Входит Леший, здоровый, плотный, обросший волосами и мохом старик, с сторожевой колотушкою на бедре и с корявой дубинкою в руке:
— Ну, здорово, кума!
— Просим милости! Гостем будешь — садись! Чем подчевать?
— Соловьи как поют! Не люблю слушать их: от их песни тоска, плакать хочется…
Леший сел к столу и вздохнул; смотрится в зеркало и поглаживает бороду. А Яга кинула насмешливый взгляд на старика:
— Небойсь, был помоложе, так слушал и ты?.. Уж не знаю, чем, кум, тебя подчевать!
Поставила на стол зеленый штоф с вином, два стаканчика, закуску. Леший поглядывает на куму, почесывает в затылке:
— Я гляжу на тебя и все в толк не возьму: ты, кума, по годам молодеешь! И румяна, и волосом тоже черна… И в глазу еще хитрость греховная… В полной силе ты, гм-да! А ведь, чай, мы с тобою — ровесники?
— Помоложе, чай, я?.. Покрасивей была! Уж куда теперь, кум! Дело прошлое…
Подсела к столу, наливает в стаканчики вина. Выпили.
Кум крякнул:
— Эх, а помнишь, кума, как, лет тридцать назад, старый чёрт твой поехал на ярмарку, а мы в старом бору, на зеленом лужке, земляничку с тобой собирали? М-да, счастливые были деньки! И вспомянешь, так кровь загорается…
— Коли знаешь, так знай, а про то помолчи! Пей вот на!
— Чай, теперь ты — не мужняя! Ты поближе садись!.. Ну, чего говорить? Баба в полных соках, аккуратная!
— А ты полно, старик, рукам волю давать… Не замай! Отцепись! Вот назола!.. Погоди! Перестань!.. Кот на печке… глядит.
— Ничего! Мы с котом — свои люди!
А кот сердито фырчит, словно увидал другого кота. Яга переглянулась с Лешим и погрозила ему, а сама — на кота:
— Брысь под печку!
Кот спрыгнул с печки и, неприязненно покашиваясь и подмяукивая, скрылся за печкой. Яга подошла к окну, заглянула в лес, а Леший удивляется:
— Ну, и кот!.. Для кого бережет?
— Так себе! Как собака — на сене!
Яга сладко потянулась, разомлела женщина от винца:
— Соловьи все поют… Что-то сыро в избе… Затворить, али нет?
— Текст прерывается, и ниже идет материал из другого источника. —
lemma first_difference_bounds_if_greater:
  fixes r s :: "nat \<Rightarrow> nat" and G :: int
  assumes supp_r: "\<forall>i > \<rho>. r i = 0" and supp_s: "\<forall>i > \<rho>. s i = 0"
    and r0: "r 0 = s 0" and rx: "s x < r x"
  defines "e \<equiv> int (LEAST j. x \<le> j \<and> r j \<le> s j) - 1"
    and "e' \<equiv> int (LEAST j. x \<le> j \<and> s j \<le> r j) - 1"
  assumes G: "G \<le> (\<Sum>i = 1..\<rho>. int (min (r i) (s i))) + max e e'"
    and Gr: "int (\<Sum>i = 1..\<rho>. r i) - 1 + of_bool (\<not> Dr) \<le> G"
    and Gs: "int (\<Sum>i = 1..\<rho>. s i) - 1 + of_bool (\<not> Ds) \<le> G"
  shows "e' < e \<and>
    (\<forall>i::nat. x \<le> i \<and> int i \<le> e \<longrightarrow>
       - int x - 1 \<le> int (s i) - int (r i) \<and> int (s i) - int (r i) \<le> -1 \<and>
       (int (s i) - int (r i) = - int x - 1 \<longrightarrow> Dr)) \<and>
    (\<forall>i::nat. int i > e \<longrightarrow>
       - int x \<le> int (s i) - int (r i) \<and> int (s i) - int (r i) \<le> e + 1 \<and>
       (int (s i) - int (r i) = e + 1 \<longrightarrow> Ds))"
proof -
  define j0 where "j0 = (LEAST j. x \<le> j \<and> r j \<le> s j)"
  note run = excess_run[OF supp_r r0 rx, folded j0_def]
  have e: "e = int j0 - 1"
    unfolding e_def j0_def ..
  moreover have "e' = int x - 1"
    unfolding e'_def run(4) ..
  ultimately have e'_e: "e' < e" and max: "max e e' = e"
    using run(2) by auto
  have "int (\<Sum>i = 1..\<rho>. r i - s i) + of_bool (\<not> Dr) \<le> int j0"
    using sum_excess_le[OF G Gr] e max by simp
  note bounds = run_excess_bounds[OF supp_r r0 rx, folded j0_def, OF this]
  have Es: "int (\<Sum>i = 1..\<rho>. s i - r i) + of_bool (\<not> Ds) \<le> int j0"
    using sum_excess_le[where r = s and s = r and m = "max e e'", OF _ Gs] G e max by (simp add: min.commute)
  have in_run: "- int x - 1 \<le> int (s i) - int (r i) \<and> int (s i) - int (r i) \<le> -1 \<and>
       (int (s i) - int (r i) = - int x - 1 \<longrightarrow> Dr)" if "x \<le> i" "int i \<le> e" for i
    using bounds(1)[of i] that e by (cases Dr) auto
  have after_run: "- int x \<le> int (s i) - int (r i) \<and> int (s i) - int (r i) \<le> e + 1 \<and>
       (int (s i) - int (r i) = e + 1 \<longrightarrow> Ds)" if i: "e < int i" for i
  proof -
    have "int (s i) - int (r i) \<le> int (\<Sum>i = 1..\<rho>. s i - r i)"
    proof (cases "r i < s i")
      case True
      then have "i \<in> {1..\<rho>}"
        using supp_s i e run(1,2) by (auto simp: not_less[symmetric])
      then have "s i - r i \<le> (\<Sum>i = 1..\<rho>. s i - r i)"
        by (intro member_le_sum) auto
      then show ?thesis
        using True by linarith
    next
      case False
      then have "int (s i) - int (r i) \<le> 0"
        by simp
      also have "0 \<le> int (\<Sum>i = 1..\<rho>. s i - r i)"
        by (rule of_nat_0_le_iff)
      finally show ?thesis .
    qed
    then show ?thesis
      using bounds(2)[of i] i e Es by (cases Dr; cases Ds) auto
  qed
  show ?thesis
    using e'_e in_run after_run by blast
qed

lemma first_difference_bounds:
  fixes r s :: "nat \<Rightarrow> nat" and G :: int
  assumes supp_r: "\<forall>i > \<rho>. r i = 0" and supp_s: "\<forall>i > \<rho>. s i = 0"
    and r0: "r 0 = s 0" and rx: "r x \<noteq> s x"
  defines "e \<equiv> int (LEAST j. x \<le> j \<and> r j \<le> s j) - 1"
    and "e' \<equiv> int (LEAST j. x \<le> j \<and> s j \<le> r j) - 1"
  assumes G: "G \<le> (\<Sum>i = 1..\<rho>. int (min (r i) (s i))) + max e e'"
    and Gr: "int (\<Sum>i = 1..\<rho>. r i) - 1 + of_bool (\<not> Dr) \<le> G"
    and Gs: "int (\<Sum>i = 1..\<rho>. s i) - 1 + of_bool (\<not> Ds) \<le> G"
  shows "(e > e' \<longrightarrow>
            (\<forall>i::nat. x \<le> i \<and> int i \<le> e \<longrightarrow>
               - int x - 1 \<le> int (s i) - int (r i) \<and> int (s i) - int (r i) \<le> -1 \<and>
               (int (s i) - int (r i) = - int x - 1 \<longrightarrow> Dr)) \<and>
            (\<forall>i::nat. int i > e \<longrightarrow>
               - int x \<le> int (s i) - int (r i) \<and> int (s i) - int (r i) \<le> e + 1 \<and>
               (int (s i) - int (r i) = e + 1 \<longrightarrow> Ds)))
       \<and> (e' > e \<longrightarrow>
            (\<forall>i::nat. x \<le> i \<and> int i \<le> e' \<longrightarrow>
               - int x - 1 \<le> int (r i) - int (s i) \<and> int (r i) - int (s i) \<le> -1 \<and>
               (int (r i) - int (s i) = - int x - 1 \<longrightarrow> Ds)) \<and>
            (\<forall>i::nat. int i > e' \<longrightarrow>
               - int x \<le> int (r i) - int (s i) \<and> int (r i) - int (s i) \<le> e' + 1 \<and>
               (int (r i) - int (s i) = e' + 1 \<longrightarrow> Dr)))"
proof -
  from rx consider "s x < r x" | "r x < s x"
    by linarith
  then show ?thesis
  proof cases
    case 1
    show ?thesis
      using first_difference_bounds_if_greater[OF supp_r supp_s r0 1, folded e_def e'_def, OF G Gr Gs]
      by auto
  next
    case 2
    have "G \<le> (\<Sum>i = 1..\<rho>. int (min (s i) (r i))) + max e' e"
      using G by (simp add: min.commute max.commute)
    then show ?thesis
      using first_difference_bounds_if_greater[OF supp_s supp_r r0[symmetric] 2, folded e_def e'_def,
          OF _ Gs Gr] by auto
  qed
qed

lemma sum_conj_part_shifted:
  assumes "sum_list c \<le> \<rho>" and r: "\<forall>i > 0. r i = conj_part c i"
  shows "(\<Sum>i = 1..\<rho>. r i) = sum_list c" and "\<forall>i > \<rho>. r i = 0"
proof -
  show "(\<Sum>i = 1..\<rho>. r i) = sum_list c"
    unfolding sum_conj_part_eq[OF assms(1), symmetric] using r by (intro sum.cong) auto
  show "\<forall>i > \<rho>. r i = 0"
    using conj_part_pos_le[of c] assms r by (metis gr_implies_not0 gr_zeroI le_trans not_le)
qed

section \<open>Pencils in Kronecker canonical form\<close>

definition pencil_mat :: "'c::comm_ring_1 \<Rightarrow> 'c \<Rightarrow> ('a \<Rightarrow> 'c) \<Rightarrow> 'a pencil \<Rightarrow> 'c mat" where
  "pencil_mat a b h X = mat (dim_row (fst X)) (dim_col (fst X))
     (\<lambda>(i, j). a * h (fst X $$ (i, j)) + b * h (snd X $$ (i, j)))"

lemma pencil_mat_carrier: "fst X \<in> carrier_mat r c \<Longrightarrow> pencil_mat a b h X \<in> carrier_mat r c"
  by (auto simp: pencil_mat_def)

lemma pencil_poly_eq_pencil_mat: "pencil_poly A = pencil_mat 1 [:0, 1:] (\<lambda>x. [:x:]) A"
  by (rule eq_matI) (auto simp: pencil_poly_def pencil_mat_def)

lemma hom_pencil_eq_pencil_mat: "hom_pencil A = pencil_mat [:0, 1:] [:[:0, 1:]:] (\<lambda>x. [:[:x:]:]) A"
  by (rule eq_matI) (auto simp: hom_pencil_def pencil_mat_def)

lemma semiring_hom_const_poly: "semiring_hom (\<lambda>x::'a::comm_ring_1. [:x:])"
  and semiring_hom_const_poly_poly: "semiring_hom (\<lambda>x::'a::comm_ring_1. [:[:x:]:])"
  by unfold_locales (simp_all add: one_pCons)
lemma order_p'_alt_group_ge:
  assumes "n \<ge> 2" "Factorial_Ring.prime p" "p \<noteq> 2"
  shows "fact_coprime p n div 2 \<le> order_p' (alt_group n) p"
proof -
  have "\<not> p dvd 2"
    using assms(2,3) prime_ge_2_nat[of p] dvd_imp_le[of p 2] by auto
  then obtain r where r: "fact_coprime p n = 2 * r"
    using even_fact_coprime[OF assms(1)] by blast
  obtain q where "fact n = fact_coprime p n * q"
    using fact_coprime_dvd_fact by blast
  with r order_alt_group[OF assms(1)] have "order (alt_group n) = r * q"
    by simp
  moreover have "coprime r p"
    using coprime_fact_coprime[OF assms(2), of n] r by simp
  moreover have "order (alt_group n) > 0"
    using order_alt_group[OF assms(1)] by (metis fact_gt_zero mult_zero_right neq0_conv)
  ultimately have "r \<le> order_p' (alt_group n) p"
    by (intro le_order_p') simp_all
  with r show ?thesis by simp
qed

(* For n <= 10 the bound 2^n on the number of partitions is too weak, so the cycle types are
   counted. *)
lemma length_even_regular_types_small:
  "length (even_regular_types 5 3) = 3"
  "length (even_regular_types 6 3) = 4" "length (even_regular_types 6 5) = 5"
  "length (even_regular_types 7 3) = 5" "length (even_regular_types 7 5) = 7"
  "length (even_regular_types 7 7) = 7"
  "length (even_regular_types 8 3) = 7" "length (even_regular_types 8 5) = 10"
  "length (even_regular_types 8 7) = 11"
  "length (even_regular_types 9 3) = 8" "length (even_regular_types 9 5) = 13"
  "length (even_regular_types 9 7) = 15" "length (even_regular_types 9 9) = 15"
  "length (even_regular_types 10 3) = 11" "length (even_regular_types 10 5) = 18"
  "length (even_regular_types 10 7) = 20" "length (even_regular_types 10 9) = 21"
  by code_simp+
— Сыро! сыро!.. Что-то тянет меня. По ночам-то свежо, а днем жарко!
— Да, лучше закрою…
Мурлыкая любимую песенку, Яга затворила окошко и только было опустила занавесочку, как за воротами раздался злобный лай сторожевых псов. И Яга, опять растворив окошко, ушла головой под занавеску. А Леший недоволен:
— Ну! Кого там несет?!
— Погоди! Помолчи! Никак кто-то к воротам подъехал…
— Нашел время подъехать! Туши-ка огонь!
— Молодой… При мече!
— Гость незваный!
— Молодой, при мече… Шляпа с белым пером! Цима! Цима! Уймитесь, проклятые! Видно, надо сходить, а то псы разорвут… Ни за грош пропадет добрый молодец.
Загорелась, встревожилась Яга, побежала в сени.
Леший, конечно, сердится:
— Молодой! При мече! Шляпа с белым пером… Эх, ты подлая баба, вот жадная!
Любопытно, что там делается у ворот.
Леший выглянул под занавеску.
— Так и есть! так и есть! Завертела хвостом. Распластаться готова, анафема!.. Вот без мужа-то, видно, и плохо оно: плетью надо бы, али вожжами! А меня словно нет, а ведь все-таки кум! Хоть какой ни на есть, а все — сродственник! Ну, и подлая! Много я бабы видал, а другой такой что-то не помню…
Стук и говор в сенях. Леший обиженно сидит за столом и хмурится. Входит Яга, за ней — красавец-юноша, Иван-царевич. Яга уже влюблена в молодого гостя и не может скрыть своей взволнованной радости:
— Проходи! Просим милости, гость дорогой! Не взыщи уж на нашем убожестве! Ведь, в лесу мы живем, в бедноте, в темноте… Вот мой кум!
Леший протянул руку и неприветливо буркнул:
— Добро жаловать!
Царевич снимает шляпу, меч вешает на стенку, стягивает перчатки с раструбами:
— Ну, и лес тут у вас! Третий день я скачу: ни одной на пути деревеньки! Огонек увидал — как родимую мать! Конь, и тот заржал с радости! Да спасет вас Господь! За привет, за приют… Мне дворцом и изба теперь кажется…
Леший подозрительно взглянул на гостя: .
— Знать, бывал ты в дворцах? Сам-то ты из каких?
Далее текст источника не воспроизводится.